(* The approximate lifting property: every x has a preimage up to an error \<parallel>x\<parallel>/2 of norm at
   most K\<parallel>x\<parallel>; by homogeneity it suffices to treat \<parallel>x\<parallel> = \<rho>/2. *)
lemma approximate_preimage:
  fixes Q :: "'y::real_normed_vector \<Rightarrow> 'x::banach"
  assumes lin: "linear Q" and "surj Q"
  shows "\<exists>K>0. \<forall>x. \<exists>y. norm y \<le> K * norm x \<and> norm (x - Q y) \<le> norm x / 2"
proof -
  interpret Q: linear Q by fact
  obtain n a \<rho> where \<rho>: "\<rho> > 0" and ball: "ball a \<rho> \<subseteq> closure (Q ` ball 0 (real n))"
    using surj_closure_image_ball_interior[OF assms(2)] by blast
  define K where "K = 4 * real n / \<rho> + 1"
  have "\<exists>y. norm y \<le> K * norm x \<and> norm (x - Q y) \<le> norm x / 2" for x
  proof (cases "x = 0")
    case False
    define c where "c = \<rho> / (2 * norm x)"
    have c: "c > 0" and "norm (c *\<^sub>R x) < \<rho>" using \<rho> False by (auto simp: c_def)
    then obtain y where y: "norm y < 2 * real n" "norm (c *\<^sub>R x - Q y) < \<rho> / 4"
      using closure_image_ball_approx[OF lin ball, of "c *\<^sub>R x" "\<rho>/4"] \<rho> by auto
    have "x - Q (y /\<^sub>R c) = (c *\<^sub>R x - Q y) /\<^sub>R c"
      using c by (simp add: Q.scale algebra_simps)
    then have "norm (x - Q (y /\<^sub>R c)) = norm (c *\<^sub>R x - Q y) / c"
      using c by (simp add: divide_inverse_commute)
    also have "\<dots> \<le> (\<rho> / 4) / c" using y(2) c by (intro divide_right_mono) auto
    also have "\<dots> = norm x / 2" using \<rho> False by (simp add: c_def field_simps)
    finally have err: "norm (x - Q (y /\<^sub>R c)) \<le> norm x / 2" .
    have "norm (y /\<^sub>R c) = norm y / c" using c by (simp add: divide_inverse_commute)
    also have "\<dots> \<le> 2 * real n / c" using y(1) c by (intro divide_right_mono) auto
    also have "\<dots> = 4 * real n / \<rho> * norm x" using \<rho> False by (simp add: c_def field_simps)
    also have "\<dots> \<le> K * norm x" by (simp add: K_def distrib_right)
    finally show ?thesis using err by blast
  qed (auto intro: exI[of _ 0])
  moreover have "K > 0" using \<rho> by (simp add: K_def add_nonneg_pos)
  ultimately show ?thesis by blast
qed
+---+
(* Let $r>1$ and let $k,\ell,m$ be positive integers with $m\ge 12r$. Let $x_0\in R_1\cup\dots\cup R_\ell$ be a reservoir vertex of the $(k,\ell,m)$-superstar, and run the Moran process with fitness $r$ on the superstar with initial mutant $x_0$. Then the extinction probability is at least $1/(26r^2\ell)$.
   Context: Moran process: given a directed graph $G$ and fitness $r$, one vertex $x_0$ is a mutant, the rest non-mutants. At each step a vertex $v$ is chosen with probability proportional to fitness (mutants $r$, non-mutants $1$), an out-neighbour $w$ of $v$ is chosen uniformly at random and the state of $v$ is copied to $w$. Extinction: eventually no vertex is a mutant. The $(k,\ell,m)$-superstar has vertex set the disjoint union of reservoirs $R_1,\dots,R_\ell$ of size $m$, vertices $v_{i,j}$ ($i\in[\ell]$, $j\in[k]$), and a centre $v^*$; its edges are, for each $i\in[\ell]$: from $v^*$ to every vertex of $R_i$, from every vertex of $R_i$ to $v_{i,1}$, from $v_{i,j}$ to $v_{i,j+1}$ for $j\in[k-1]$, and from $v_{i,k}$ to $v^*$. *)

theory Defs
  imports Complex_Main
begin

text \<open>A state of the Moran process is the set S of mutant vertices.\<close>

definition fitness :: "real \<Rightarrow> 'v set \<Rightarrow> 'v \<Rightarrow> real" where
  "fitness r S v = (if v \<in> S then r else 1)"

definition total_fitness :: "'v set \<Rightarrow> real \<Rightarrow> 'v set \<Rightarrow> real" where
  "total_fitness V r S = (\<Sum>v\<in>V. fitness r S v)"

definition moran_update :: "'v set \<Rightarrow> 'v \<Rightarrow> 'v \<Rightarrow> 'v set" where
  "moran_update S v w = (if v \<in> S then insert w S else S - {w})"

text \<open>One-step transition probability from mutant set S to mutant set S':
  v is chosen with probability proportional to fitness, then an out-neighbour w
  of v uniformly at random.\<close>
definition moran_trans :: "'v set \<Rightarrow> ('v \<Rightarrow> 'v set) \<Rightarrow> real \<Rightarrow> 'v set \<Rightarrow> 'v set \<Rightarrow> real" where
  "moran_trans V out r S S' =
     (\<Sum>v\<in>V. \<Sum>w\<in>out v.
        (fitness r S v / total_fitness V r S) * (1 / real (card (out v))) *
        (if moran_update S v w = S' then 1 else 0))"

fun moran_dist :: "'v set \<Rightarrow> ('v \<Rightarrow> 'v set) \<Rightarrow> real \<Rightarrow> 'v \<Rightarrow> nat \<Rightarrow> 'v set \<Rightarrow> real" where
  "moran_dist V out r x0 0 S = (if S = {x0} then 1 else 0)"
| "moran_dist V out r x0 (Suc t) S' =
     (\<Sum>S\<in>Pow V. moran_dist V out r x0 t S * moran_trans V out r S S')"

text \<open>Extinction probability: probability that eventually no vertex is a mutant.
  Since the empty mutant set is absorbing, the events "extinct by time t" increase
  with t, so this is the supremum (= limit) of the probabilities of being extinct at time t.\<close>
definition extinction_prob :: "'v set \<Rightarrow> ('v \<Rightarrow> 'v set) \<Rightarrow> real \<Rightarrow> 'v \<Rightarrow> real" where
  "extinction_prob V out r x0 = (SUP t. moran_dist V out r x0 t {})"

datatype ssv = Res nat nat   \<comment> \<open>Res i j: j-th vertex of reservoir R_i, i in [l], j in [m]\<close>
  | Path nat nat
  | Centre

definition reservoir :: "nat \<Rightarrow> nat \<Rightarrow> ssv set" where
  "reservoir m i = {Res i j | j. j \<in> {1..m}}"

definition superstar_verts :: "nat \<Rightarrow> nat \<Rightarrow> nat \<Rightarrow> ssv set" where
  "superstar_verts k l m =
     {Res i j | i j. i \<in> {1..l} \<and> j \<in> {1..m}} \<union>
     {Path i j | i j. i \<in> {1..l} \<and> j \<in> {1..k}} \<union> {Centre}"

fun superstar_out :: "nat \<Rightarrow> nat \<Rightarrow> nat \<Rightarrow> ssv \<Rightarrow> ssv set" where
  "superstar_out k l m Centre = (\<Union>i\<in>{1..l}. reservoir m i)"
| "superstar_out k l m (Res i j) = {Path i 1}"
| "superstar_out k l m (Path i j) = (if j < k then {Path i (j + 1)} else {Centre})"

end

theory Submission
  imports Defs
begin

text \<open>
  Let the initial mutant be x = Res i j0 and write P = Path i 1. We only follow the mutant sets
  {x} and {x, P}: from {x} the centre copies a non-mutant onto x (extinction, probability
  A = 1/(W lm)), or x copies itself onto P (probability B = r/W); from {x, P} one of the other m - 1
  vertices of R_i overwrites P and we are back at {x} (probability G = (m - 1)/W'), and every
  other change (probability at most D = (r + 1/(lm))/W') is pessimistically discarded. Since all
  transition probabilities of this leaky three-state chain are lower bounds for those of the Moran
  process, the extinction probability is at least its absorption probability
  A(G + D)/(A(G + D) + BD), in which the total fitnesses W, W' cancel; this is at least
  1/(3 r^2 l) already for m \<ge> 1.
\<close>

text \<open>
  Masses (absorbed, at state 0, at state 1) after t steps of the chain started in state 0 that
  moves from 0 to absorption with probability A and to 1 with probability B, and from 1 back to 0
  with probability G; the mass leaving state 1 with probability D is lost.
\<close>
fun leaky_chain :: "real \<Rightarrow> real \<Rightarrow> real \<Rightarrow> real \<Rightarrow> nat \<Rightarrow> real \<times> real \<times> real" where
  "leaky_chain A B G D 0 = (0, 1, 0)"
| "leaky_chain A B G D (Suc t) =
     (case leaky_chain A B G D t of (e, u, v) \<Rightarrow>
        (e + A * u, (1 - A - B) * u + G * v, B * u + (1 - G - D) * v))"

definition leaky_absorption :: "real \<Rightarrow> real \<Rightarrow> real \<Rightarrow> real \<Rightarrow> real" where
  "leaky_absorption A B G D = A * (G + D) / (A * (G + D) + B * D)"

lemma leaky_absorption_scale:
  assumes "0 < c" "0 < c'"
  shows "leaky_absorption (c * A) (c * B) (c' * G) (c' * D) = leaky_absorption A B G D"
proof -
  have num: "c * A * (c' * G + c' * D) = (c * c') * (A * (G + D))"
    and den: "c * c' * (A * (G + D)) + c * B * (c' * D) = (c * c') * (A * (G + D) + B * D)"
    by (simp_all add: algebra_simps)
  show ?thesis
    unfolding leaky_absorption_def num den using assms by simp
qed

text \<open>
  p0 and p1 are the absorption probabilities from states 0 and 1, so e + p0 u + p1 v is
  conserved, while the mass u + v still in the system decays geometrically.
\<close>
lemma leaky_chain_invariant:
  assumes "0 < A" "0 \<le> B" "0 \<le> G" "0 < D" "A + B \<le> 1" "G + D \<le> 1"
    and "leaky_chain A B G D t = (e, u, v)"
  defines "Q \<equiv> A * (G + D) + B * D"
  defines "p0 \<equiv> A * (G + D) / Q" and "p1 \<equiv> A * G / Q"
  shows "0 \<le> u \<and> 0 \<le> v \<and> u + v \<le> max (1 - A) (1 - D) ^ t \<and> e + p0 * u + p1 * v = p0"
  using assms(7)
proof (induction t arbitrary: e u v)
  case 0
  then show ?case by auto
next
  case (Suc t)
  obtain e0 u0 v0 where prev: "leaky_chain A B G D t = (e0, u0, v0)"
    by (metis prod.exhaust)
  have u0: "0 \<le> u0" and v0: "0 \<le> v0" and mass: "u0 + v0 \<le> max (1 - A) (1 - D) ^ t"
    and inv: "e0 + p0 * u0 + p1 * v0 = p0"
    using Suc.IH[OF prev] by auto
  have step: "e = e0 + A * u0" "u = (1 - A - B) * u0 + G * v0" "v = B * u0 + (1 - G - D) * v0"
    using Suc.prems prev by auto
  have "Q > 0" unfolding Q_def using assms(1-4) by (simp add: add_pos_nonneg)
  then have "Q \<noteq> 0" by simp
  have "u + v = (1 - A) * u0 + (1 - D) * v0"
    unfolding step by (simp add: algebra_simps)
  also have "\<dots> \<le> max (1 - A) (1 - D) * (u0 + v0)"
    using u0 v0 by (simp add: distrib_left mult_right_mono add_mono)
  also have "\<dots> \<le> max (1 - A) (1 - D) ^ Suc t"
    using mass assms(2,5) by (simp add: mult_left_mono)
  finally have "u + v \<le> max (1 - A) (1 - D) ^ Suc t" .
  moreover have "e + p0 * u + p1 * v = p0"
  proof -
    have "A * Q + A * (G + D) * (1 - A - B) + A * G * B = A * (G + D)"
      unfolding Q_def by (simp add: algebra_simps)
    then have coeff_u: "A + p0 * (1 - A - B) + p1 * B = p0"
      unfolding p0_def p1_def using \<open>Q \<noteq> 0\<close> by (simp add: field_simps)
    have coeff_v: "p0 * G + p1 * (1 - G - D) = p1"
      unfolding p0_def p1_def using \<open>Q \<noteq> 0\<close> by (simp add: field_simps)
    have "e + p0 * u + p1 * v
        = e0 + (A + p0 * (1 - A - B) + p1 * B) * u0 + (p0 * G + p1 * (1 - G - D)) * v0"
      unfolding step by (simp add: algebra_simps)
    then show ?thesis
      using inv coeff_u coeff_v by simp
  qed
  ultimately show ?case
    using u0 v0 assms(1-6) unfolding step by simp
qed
+---+
** WHAT THE TASK ASKS **
Would you copy out exactly the lines above that start at the one containing "text \<open>One-step transition" and end at the one containing "of v uniformly at random.\<close>", inclusive?

** TASK OUTPUT **
text \<open>One-step transition probability from mutant set S to mutant set S':
  v is chosen with probability proportional to fitness, then an out-neighbour w
  of v uniformly at random.\<close>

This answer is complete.